The Beginning of My Journey With Cerebral Palsy


I was born on Wednesday, December 20, 1989. I usually tell friends three things about my birthday. I’m happy I caught the last breath of 80’s fashion, I was just too excited to wait to meet everyone, and Christmas is way better than Valentine’s Day (This opinion is not influenced by my current single status.) The truth is much more involved than my smart-aleck quips convey.

On December 20, 1989, my mom was 33 weeks pregnant. She had been put on bed rest for a few weeks, no easy feat for a woman with an active 5-year-old and 7-year-old boy at home. She went into full blown preterm labor three days before I made my debut. The doctor attempted to stop contractions to allow my lungs and other vital organs to develop. However, the longer you stay in the hospital, the higher chance you have of developing an infection. My mom developed an infection which passed to me. Cue my curtain call.

My mom said that despite the early start, her labor was still long. Maybe this explains my obsession with being early for things… At some point, the doctor told my mom to change positions. She never does anything without purpose and demanded to know why. Apparently, my heart rate had dipped. The doctor was still cool with trying for a natural delivery, but my mom opted to sacrifice her smooth abdomen to ensure I was OK.

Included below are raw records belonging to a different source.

(* Let $d\in\mathbb{N}$. For every symmetric quasi-Banach function space $E$ on $\mathbb{R}^d$, there exists $f\in E(\mathbb{R}^d)$ such that the inequality $$\Big\|(1-\Delta_{\mathbb{R}^d})^{-\frac{d}{4}}M_f(1-\Delta_{\mathbb{R}^d})^{-\frac{d}{4}}\Big\|_{1,\infty}\leq \|f\|_E$$ fails.
   Context: $\Delta_{\mathbb{R}^d}$ is the Laplace operator on $L_2(\mathbb{R}^d)$ and $M_f$ is multiplication by $f$. $S(\mathbb{R}^d)$ denotes the set of Lebesgue measurable functions $f$ on $\mathbb{R}^d$ such that, for some $n\in\mathbb{N}$, $|f|\chi_{\{|f|>n\}}$ is supported on a set of finite measure; $\mu(f)$ denotes the decreasing rearrangement of $|f|$. A symmetric quasi-Banach function space is a subspace $E(\mathbb{R}^d)\subset S(\mathbb{R}^d)$ with a complete quasi-norm $\|\cdot\|_E$ such that (1) if $f\in E$, $g\in S(\mathbb{R}^d)$ and $|g|\le|f|$, then $g\in E$ and $\|g\|_E\le\|f\|_E$; (2) if $f\in E$, $g\in S(\mathbb{R}^d)$ and $\mu(g)=\mu(f)$, then $g\in E$ and $\|g\|_E=\|f\|_E$. For a compact operator $T$, $\mu(k,T)=\inf\{\|T-R\|_\infty:\mathrm{rank}(R)\le k\}$ and $\|T\|_{1,\infty}=\sup_{k\ge0}(k+1)\mu(k,T)$ (equal to $+\infty$ if $T$ is not in $\mathcal{L}_{1,\infty}$). *)

theory Defs
  imports "HOL-Analysis.Analysis"
begin

type_synonym 'n fn = "real^'n \<Rightarrow> complex"

section \<open>The Hilbert space L2(R^d), d = CARD('n)\<close>

definition l2 :: "'n::finite fn set" where
  "l2 = {g. g \<in> borel_measurable lebesgue \<and> integrable lebesgue (\<lambda>x. (cmod (g x))^2)}"

definition l2_inner :: "'n::finite fn \<Rightarrow> 'n fn \<Rightarrow> complex" where
  "l2_inner g h = (\<integral>x. g x * cnj (h x) \<partial>lebesgue)"

definition l2_norm :: "'n::finite fn \<Rightarrow> real" where
  "l2_norm g = sqrt (\<integral>x. (cmod (g x))^2 \<partial>lebesgue)"

definition heat_kernel :: "real \<Rightarrow> real^'n::finite \<Rightarrow> real" where
  "heat_kernel t x = (4 * pi * t) powr (- real CARD('n) / 2) * exp (- ((norm x) ^ 2) / (4 * t))"

text \<open>Kernel of (1 - Laplacian)^(-a) = 1/Gamma(a) * int_0^infty t^(a-1) e^(-t) exp(t Laplacian) dt.\<close>
definition bessel_kernel :: "real \<Rightarrow> real^'n::finite \<Rightarrow> real" where
  "bessel_kernel a x = (1 / Gamma a) *
     (\<integral>t. (if 0 < t then exp (- t) * heat_kernel t x * t powr (a - 1) else 0) \<partial>lborel)"

text \<open>The operator (1 - Laplacian)^(-a), acting by convolution with the Bessel kernel.\<close>
definition bessel_pot :: "real \<Rightarrow> 'n::finite fn \<Rightarrow> 'n fn" where
  "bessel_pot a g = (\<lambda>x. \<integral>y. complex_of_real (bessel_kernel a (x - y)) * g y \<partial>lebesgue)"

text \<open>Sesquilinear form of T_f: <T_f g, h> = int f (A g) conj (A h), A = (1-Laplacian)^(-d/4).\<close>
definition sandwich_form :: "'n::finite fn \<Rightarrow> 'n fn \<Rightarrow> 'n fn \<Rightarrow> complex" where
  "sandwich_form f g h =
     (\<integral>x. f x * bessel_pot (real CARD('n) / 4) g x * cnj (bessel_pot (real CARD('n) / 4) h x) \<partial>lebesgue)"

text \<open>Operator norm of T_f - R, where R g = sum_{i<k} <g, u i> v i is a generic operator of rank
  at most k.  If the form of T_f is not defined on L2 x L2, T_f is not a bounded operator and the
  distance is +infinity.\<close>
definition sandwich_dist :: "'n::finite fn \<Rightarrow> (nat \<Rightarrow> 'n fn) \<Rightarrow> (nat \<Rightarrow> 'n fn) \<Rightarrow> nat \<Rightarrow> ennreal" where
  "sandwich_dist f u v k =
    (if (\<forall>g\<in>l2. \<forall>h\<in>l2. integrable lebesgue
           (\<lambda>x. f x * bessel_pot (real CARD('n) / 4) g x * cnj (bessel_pot (real CARD('n) / 4) h x)))
     then (SUP gh \<in> {(g, h). g \<in> l2 \<and> h \<in> l2 \<and> l2_norm g \<le> 1 \<and> l2_norm h \<le> 1}.
             ennreal (cmod (sandwich_form f (fst gh) (snd gh)
                - (\<Sum>i<k. l2_inner (fst gh) (u i) * l2_inner (v i) (snd gh)))))
     else \<infinity>)"

text \<open>Singular values mu(k, T_f) = inf { ||T_f - R|| : rank R \<le> k }.\<close>
definition sandwich_sing_val :: "'n::finite fn \<Rightarrow> nat \<Rightarrow> ennreal" where
  "sandwich_sing_val f k =
     (INF uv \<in> {(u, v). \<forall>i<k. u i \<in> l2 \<and> v i \<in> l2}. sandwich_dist f (fst uv) (snd uv) k)"

text \<open>||T_f||_{1,infty} = sup_k (k+1) mu(k, T_f)  (possibly +infinity).\<close>
definition sandwich_weak_norm :: "'n::finite fn \<Rightarrow> ennreal" where
  "sandwich_weak_norm f = (SUP k. of_nat (k + 1) * sandwich_sing_val f k)"

definition S_space :: "'n::finite fn set" where
  "S_space = {f. f \<in> borel_measurable lebesgue \<and>
      (\<exists>n::nat. emeasure lebesgue {x. real n < cmod (f x)} < \<infinity>)}"

definition rearr :: "'n::finite fn \<Rightarrow> real \<Rightarrow> real" where
  "rearr f t = Inf {s. 0 \<le> s \<and> emeasure lebesgue {x. s < cmod (f x)} \<le> ennreal t}"

definition sym_qBfs :: "'n::finite fn set \<Rightarrow> ('n fn \<Rightarrow> real) \<Rightarrow> bool" where
  "sym_qBfs E N \<longleftrightarrow>
     E \<subseteq> S_space \<and>
     (\<lambda>x. 0) \<in> E \<and>
     (\<forall>f\<in>E. \<forall>g\<in>E. (\<lambda>x. f x + g x) \<in> E) \<and>
     (\<forall>c. \<forall>f\<in>E. (\<lambda>x. c * f x) \<in> E) \<and>
     (\<forall>f\<in>E. 0 \<le> N f) \<and>
     (\<forall>f\<in>E. N f = 0 \<longleftrightarrow> (AE x in lebesgue. f x = 0)) \<and>
     (\<forall>c. \<forall>f\<in>E. N (\<lambda>x. c * f x) = cmod c * N f) \<and>
     (\<exists>C\<ge>1. \<forall>f\<in>E. \<forall>g\<in>E. N (\<lambda>x. f x + g x) \<le> C * (N f + N g)) \<and>
     (\<forall>X :: nat \<Rightarrow> 'n fn. (\<forall>n. X n \<in> E) \<and>
         (\<forall>e>0. \<exists>M. \<forall>m\<ge>M. \<forall>n\<ge>M. N (\<lambda>x. X m x - X n x) < e)
         \<longrightarrow> (\<exists>Z\<in>E. (\<lambda>n. N (\<lambda>x. X n x - Z x)) \<longlonglongrightarrow> 0)) \<and>
     (\<forall>f\<in>E. \<forall>g\<in>S_space. (\<forall>x. cmod (g x) \<le> cmod (f x)) \<longrightarrow> g \<in> E \<and> N g \<le> N f) \<and>
     (\<forall>f\<in>E. \<forall>g\<in>S_space. (\<forall>t>0. rearr g t = rearr f t) \<longrightarrow> g \<in> E \<and> N g = N f)"

end

theory Submission
  imports Defs
begin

I made my entrance into the world at 11:24 p.m. My umbilical cord had wormed its way under my arm and around my neck, effectively cutting off my oxygen during contractions. I didn’t cry and my beginning APGAR score was poor. Thankfully, I managed to pinken up as much as a baby with jaundice could, and got within the APGAR safe zone at the five-minute mark. My mom did not get to hold me, but she told me that when she could, I fit in the crook of her forearm like a tiny football.

At the time of my birth, I was a whopping 4 pounds 14 ounces. I had an infection and severe jaundice. I needed a blood transfusion to combat these issues. My dad and I are not compatible blood types and my mom was too ill to donate. My parents had to put their faith in a nurse in the NICU. During the late 80’s, the AIDS crisis, my parents let a nurse give me her blood. My mom had me tested for AIDS later just in case. I was a cabbage patch doll dream come true, so I can’t blame her.

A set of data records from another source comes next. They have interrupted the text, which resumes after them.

lemma card_UN_ge_sum_card:
  fixes Q :: "nat \<Rightarrow> 'a set"
  assumes fin: "\<And>i. finite (Q i)"
    and overlap: "\<And>i j. i \<noteq> j \<Longrightarrow> card (Q i \<inter> Q j) \<le> 1"
  shows "(\<Sum>i<M. card (Q i)) \<le> card (\<Union>i<M. Q i) + M ^ 2"
proof (induction M)
  case 0
  then show ?case by simp
next
  case (Suc M)
  let ?A = "\<Union>i<M. Q i"
  have "card (?A \<inter> Q M) \<le> (\<Sum>i<M. card (Q i \<inter> Q M))"
    using card_UN_le[of "{..<M}" "\<lambda>i. Q i \<inter> Q M"] by (simp add: Int_UN_distrib2)
  also have "\<dots> \<le> M"
    using sum_mono[of "{..<M}" "\<lambda>i. card (Q i \<inter> Q M)" "\<lambda>_. 1"] overlap by simp
  finally have "card (?A \<inter> Q M) \<le> M" .
  moreover have "card ?A + card (Q M) = card (?A \<union> Q M) + card (?A \<inter> Q M)"
    using card_Un_Int[of ?A "Q M"] fin by simp
  moreover have "?A \<union> Q M = (\<Union>i<Suc M. Q i)"
    by (auto simp: lessThan_Suc)
  ultimately show ?case
    using Suc.IH by (simp add: power2_eq_square)
qed

lemma sum_card_arith_progs_le:
  fixes T :: "real set" and u x :: "nat \<Rightarrow> real"
  assumes ratio: "\<And>m m'. m \<noteq> m' \<Longrightarrow> x m / x m' \<notin> \<rat>"
    and nonzero: "\<And>m. x m \<noteq> 0"
    and progs: "\<And>m. arith_prog (u m) (x m) \<subseteq> T"
    and fin: "finite {a \<in> T. \<bar>a\<bar> \<le> t}"
  shows "(\<Sum>m<M. 2 * ((t - \<bar>u m\<bar>) / \<bar>x m\<bar>) - 1) \<le> real (card {a \<in> T. \<bar>a\<bar> \<le> t} + M ^ 2)"
proof -
  define Q where "Q m = {v \<in> arith_prog (u m) (x m). \<bar>v\<bar> \<le> t}" for m
  have fin_Q: "finite (Q m)" for m
    unfolding Q_def by (rule finite_arith_prog_bounded[OF nonzero])
  have overlap: "card (Q i \<inter> Q j) \<le> 1" if "i \<noteq> j" for i j
    unfolding One_nat_def card_le_Suc0_iff_eq[OF finite_Int[OF disjI1[OF fin_Q]]]
    using arith_prog_inter_unique[OF ratio[OF that]] by (auto simp: Q_def)
  have "(\<Sum>m<M. 2 * ((t - \<bar>u m\<bar>) / \<bar>x m\<bar>) - 1) \<le> real (\<Sum>m<M. card (Q m))"
    unfolding Q_def of_nat_sum by (intro sum_mono card_arith_prog_bounded_ge nonzero)
  also have "\<dots> \<le> real (card (\<Union>m<M. Q m) + M ^ 2)"
    unfolding of_nat_le_iff by (rule card_UN_ge_sum_card[OF fin_Q overlap])
  also have "card (\<Union>m<M. Q m) \<le> card {a \<in> T. \<bar>a\<bar> \<le> t}"
    using progs by (intro card_mono[OF fin]) (auto simp: Q_def)
  finally show ?thesis
    by simp
qed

I came home three weeks later. I was hooked up to a heart monitor 24/7, and my parents were versed in infant CPR (they weren’t dealing with much anyway). One week after going home, my mom had to use her CPR skills and rush me to the hospital. She obviously knew what she was doing because I’m still here!

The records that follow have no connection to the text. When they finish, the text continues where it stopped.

(* Let $Q_1,Q_1',Q_2,Q_2'$ be finite quandles with $Q_1\approx Q_1'$ and $Q_2\approx Q_2'$. Then $Q_1\times Q_2\approx Q_1'\times Q_2'$.
   Context: A quandle is a set $X$ with a binary operation $*$ such that $a*a=a$; for all $b,c$ there is a unique $a$ with $a*b=c$; and $(a*b)*c=(a*c)*(b*c)$. The product quandle $Q_1\times Q_2$ has componentwise operation $(a,b)*(a',b')=(a*a',b*b')$. $\mathrm{Col}_Q(K)$ is the number of colorings of an oriented knot $K$ by $Q$ (colorings being maps from arcs of a diagram to $Q$ satisfying: over-arc colored $y$, incoming under-arc colored $x$ (fixed orientation convention) implies the other under-arc is colored $x*y$; equivalently homomorphisms from the fundamental quandle of $K$ to $Q$). For quandles $Q,Q'$, write $Q\approx Q'$ if $\mathrm{Col}_Q(K)=\mathrm{Col}_{Q'}(K)$ for every knot $K$. *)

theory Defs
  imports Main
begin

definition quandle :: "'a set \<Rightarrow> ('a \<Rightarrow> 'a \<Rightarrow> 'a) \<Rightarrow> bool" where
  "quandle X m \<longleftrightarrow>
     (\<forall>a\<in>X. \<forall>b\<in>X. m a b \<in> X) \<and>
     (\<forall>a\<in>X. m a a = a) \<and>
     (\<forall>b\<in>X. \<forall>c\<in>X. \<exists>!a. a \<in> X \<and> m a b = c) \<and>
     (\<forall>a\<in>X. \<forall>b\<in>X. \<forall>c\<in>X. m (m a b) c = m (m a c) (m b c))"

definition prod_op :: "('a \<Rightarrow> 'a \<Rightarrow> 'a) \<Rightarrow> ('b \<Rightarrow> 'b \<Rightarrow> 'b) \<Rightarrow>
    ('a \<times> 'b) \<Rightarrow> ('a \<times> 'b) \<Rightarrow> ('a \<times> 'b)" where
  "prod_op m m' p q = (m (fst p) (fst q), m' (snd p) (snd q))"

text \<open>Knots are represented as closures of braids (Alexander's theorem).
  A braid word on n strands is a list of crossings (i, pos): the generator
  sigma_i (pos = True) or its inverse (pos = False), crossing strands i and i+1
  (0-based positions).\<close>

definition tr :: "nat \<Rightarrow> nat \<Rightarrow> nat \<Rightarrow> nat" where
  "tr i j x = (if x = i then j else if x = j then i else x)"

definition braid_perm :: "(nat \<times> bool) list \<Rightarrow> nat \<Rightarrow> nat" where
  "braid_perm w = foldr (\<lambda>c p. p \<circ> tr (fst c) (Suc (fst c))) w id"

text \<open>The closure of the braid word w on n strands is a knot (one component).\<close>
definition knot_braid :: "nat \<Rightarrow> (nat \<times> bool) list \<Rightarrow> bool" where
  "knot_braid n w \<longleftrightarrow> 1 \<le> n \<and> (\<forall>c\<in>set w. Suc (fst c) < n) \<and>
     (\<forall>s<n. \<exists>t. (braid_perm w ^^ t) 0 = s)"

text \<open>Colorings of the closed braid diagram: c j s is the color of strand
  position s at level j (between crossing j-1 and crossing j); level length w
  is identified with level 0 by the closure.  Arcs of the diagram correspond
  bijectively to such level data.\<close>
definition colorings :: "'a set \<Rightarrow> ('a \<Rightarrow> 'a \<Rightarrow> 'a) \<Rightarrow> nat \<Rightarrow> (nat \<times> bool) list
    \<Rightarrow> (nat \<Rightarrow> nat \<Rightarrow> 'a) set" where
  "colorings X m n w = {c.
     (\<forall>j s. j \<le> length w \<and> s < n \<longrightarrow> c j s \<in> X) \<and>
     (\<forall>j s. \<not> (j \<le> length w \<and> s < n) \<longrightarrow> c j s = undefined) \<and>
     (\<forall>s<n. c (length w) s = c 0 s) \<and>
     (\<forall>j<length w. let i = fst (w ! j) in
        (\<forall>s<n. s \<noteq> i \<and> s \<noteq> Suc i \<longrightarrow> c (Suc j) s = c j s) \<and>
        (if snd (w ! j)
         then c (Suc j) i = c j (Suc i) \<and> c (Suc j) (Suc i) = m (c j i) (c j (Suc i))
         else c j i = c (Suc j) (Suc i) \<and> c j (Suc i) = m (c (Suc j) i) (c (Suc j) (Suc i))))}"

definition Col :: "'a set \<Rightarrow> ('a \<Rightarrow> 'a \<Rightarrow> 'a) \<Rightarrow> nat \<Rightarrow> (nat \<times> bool) list \<Rightarrow> nat" where
  "Col X m n w = card (colorings X m n w)"

definition col_equiv :: "'a set \<Rightarrow> ('a \<Rightarrow> 'a \<Rightarrow> 'a) \<Rightarrow> 'b set \<Rightarrow> ('b \<Rightarrow> 'b \<Rightarrow> 'b) \<Rightarrow> bool" where
  "col_equiv X m Y m' \<longleftrightarrow> (\<forall>n w. knot_braid n w \<longrightarrow> Col X m n w = Col Y m' n w)"

end

theory Submission
  imports Defs
begin

text \<open>A coloring by a product quandle is exactly a pair of colorings by the factors, since the
  crossing relations are componentwise. Hence the coloring numbers multiply,
  Col (Q1 \<times> Q2) K = Col Q1 K * Col Q2 K, and coloring equivalence is preserved by products.\<close>

text \<open>Colorings are undefined off the diagram, so splitting and pairing must be guarded:
  fst undefined need not be undefined.\<close>

definition coloring_fst :: "nat \<Rightarrow> nat \<Rightarrow> (nat \<Rightarrow> nat \<Rightarrow> 'a \<times> 'b) \<Rightarrow> nat \<Rightarrow> nat \<Rightarrow> 'a" where
  "coloring_fst L n c = (\<lambda>j s. if j \<le> L \<and> s < n then fst (c j s) else undefined)"

definition coloring_snd :: "nat \<Rightarrow> nat \<Rightarrow> (nat \<Rightarrow> nat \<Rightarrow> 'a \<times> 'b) \<Rightarrow> nat \<Rightarrow> nat \<Rightarrow> 'b" where
  "coloring_snd L n c = (\<lambda>j s. if j \<le> L \<and> s < n then snd (c j s) else undefined)"

definition coloring_pair ::
    "nat \<Rightarrow> nat \<Rightarrow> (nat \<Rightarrow> nat \<Rightarrow> 'a) \<Rightarrow> (nat \<Rightarrow> nat \<Rightarrow> 'b) \<Rightarrow> nat \<Rightarrow> nat \<Rightarrow> 'a \<times> 'b" where
  "coloring_pair L n c1 c2 = (\<lambda>j s. if j \<le> L \<and> s < n then (c1 j s, c2 j s) else undefined)"

lemma crossing_strands_less:
  assumes "\<forall>x\<in>set w. Suc (fst x) < n" and "j < length w"
  shows "fst (w ! j) < n" and "Suc (fst (w ! j)) < n"
  using assms nth_mem Suc_lessD by blast+

lemma coloring_fst_in_colorings:
  assumes "\<forall>x\<in>set w. Suc (fst x) < n" and "c \<in> colorings (X \<times> Y) (prod_op m m') n w"
  shows "coloring_fst (length w) n c \<in> colorings X m n w"
  using assms(2) crossing_strands_less[OF assms(1)]
  unfolding colorings_def coloring_fst_def prod_op_def Let_def
  by (simp add: mem_Times_iff)

lemma coloring_snd_in_colorings:
  assumes "\<forall>x\<in>set w. Suc (fst x) < n" and "c \<in> colorings (X \<times> Y) (prod_op m m') n w"
  shows "coloring_snd (length w) n c \<in> colorings Y m' n w"
  using assms(2) crossing_strands_less[OF assms(1)]
  unfolding colorings_def coloring_snd_def prod_op_def Let_def
  by (simp add: mem_Times_iff)

lemma coloring_pair_in_colorings:
  assumes "\<forall>x\<in>set w. Suc (fst x) < n"
    and "c1 \<in> colorings X m n w" and "c2 \<in> colorings Y m' n w"
  shows "coloring_pair (length w) n c1 c2 \<in> colorings (X \<times> Y) (prod_op m m') n w"
  using assms(2,3) crossing_strands_less[OF assms(1)]
  unfolding colorings_def coloring_pair_def prod_op_def Let_def
  by (auto split: if_splits)

lemma coloring_pair_fst_snd:
  assumes "c \<in> colorings (X \<times> Y) (prod_op m m') n w"
  shows "coloring_pair (length w) n (coloring_fst (length w) n c) (coloring_snd (length w) n c) = c"
  using assms
  unfolding colorings_def coloring_pair_def coloring_fst_def coloring_snd_def
  by (auto simp: fun_eq_iff)

lemma coloring_fst_snd_pair:
  assumes "c1 \<in> colorings X m n w" and "c2 \<in> colorings Y m' n w"
  shows "coloring_fst (length w) n (coloring_pair (length w) n c1 c2) = c1"
    and "coloring_snd (length w) n (coloring_pair (length w) n c1 c2) = c2"
  using assms
  unfolding colorings_def coloring_pair_def coloring_fst_def coloring_snd_def
  by (auto simp: fun_eq_iff)

lemma bij_betw_colorings_prod:
  assumes "\<forall>x\<in>set w. Suc (fst x) < n"
  shows "bij_betw (\<lambda>c. (coloring_fst (length w) n c, coloring_snd (length w) n c))
           (colorings (X \<times> Y) (prod_op m m') n w) (colorings X m n w \<times> colorings Y m' n w)"
  by (rule bij_betw_byWitness[where f' = "\<lambda>(c1, c2). coloring_pair (length w) n c1 c2"])
    (auto simp: coloring_pair_fst_snd coloring_fst_snd_pair coloring_fst_in_colorings[OF assms]
      coloring_snd_in_colorings[OF assms] coloring_pair_in_colorings[OF assms])

lemma Col_prod:
  assumes "\<forall>x\<in>set w. Suc (fst x) < n"
  shows "Col (X \<times> Y) (prod_op m m') n w = Col X m n w * Col Y m' n w"
  using bij_betw_same_card[OF bij_betw_colorings_prod[OF assms]]
  by (simp add: Col_def card_cartesian_product)

theorem lemma5p1:
  fixes X1 :: "'a set" and m1 :: "'a \<Rightarrow> 'a \<Rightarrow> 'a"
    and X1' :: "'b set" and m1' :: "'b \<Rightarrow> 'b \<Rightarrow> 'b"
    and X2 :: "'c set" and m2 :: "'c \<Rightarrow> 'c \<Rightarrow> 'c"
    and X2' :: "'d set" and m2' :: "'d \<Rightarrow> 'd \<Rightarrow> 'd"
  assumes "quandle X1 m1" "finite X1"
    and "quandle X1' m1'" "finite X1'"
    and "quandle X2 m2" "finite X2"
    and "quandle X2' m2'" "finite X2'"
    and "col_equiv X1 m1 X1' m1'"
    and "col_equiv X2 m2 X2' m2'"
  shows "col_equiv (X1 \<times> X2) (prod_op m1 m2) (X1' \<times> X2') (prod_op m1' m2')"
  using assms(9,10) unfolding col_equiv_def knot_braid_def
  by (auto simp: Col_prod)

end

My development was an interesting thing to witness per my mom. Apparently, I would learn to do things, forget them, and do them again at the same level or better a few months later. I chalk it up to my brain rewiring itself around damage. Mom could tell before anyone that something was off with how I was developing. She tried to reason with my physical therapist, but he refused to say I was anything other than hypertonic. My diagnosis came from a neurologist when I was about 18 months old. According to a checklist, I had 18 out of 20 markers for cerebral palsy (I even got 90 percent grades as a baby!) This score combined with observations finally led to the answer my mom had been searching for.

Yes, I have cerebral palsy of the spastic diplegia variety. However, I don’t think having cerebral palsy is different from having brown hair or blue eyes. Sure, I make accommodations for myself every day, but I don’t see myself as less than able-bodied people. People are disabled by the environment, not because of the way they are born. I am different, not less.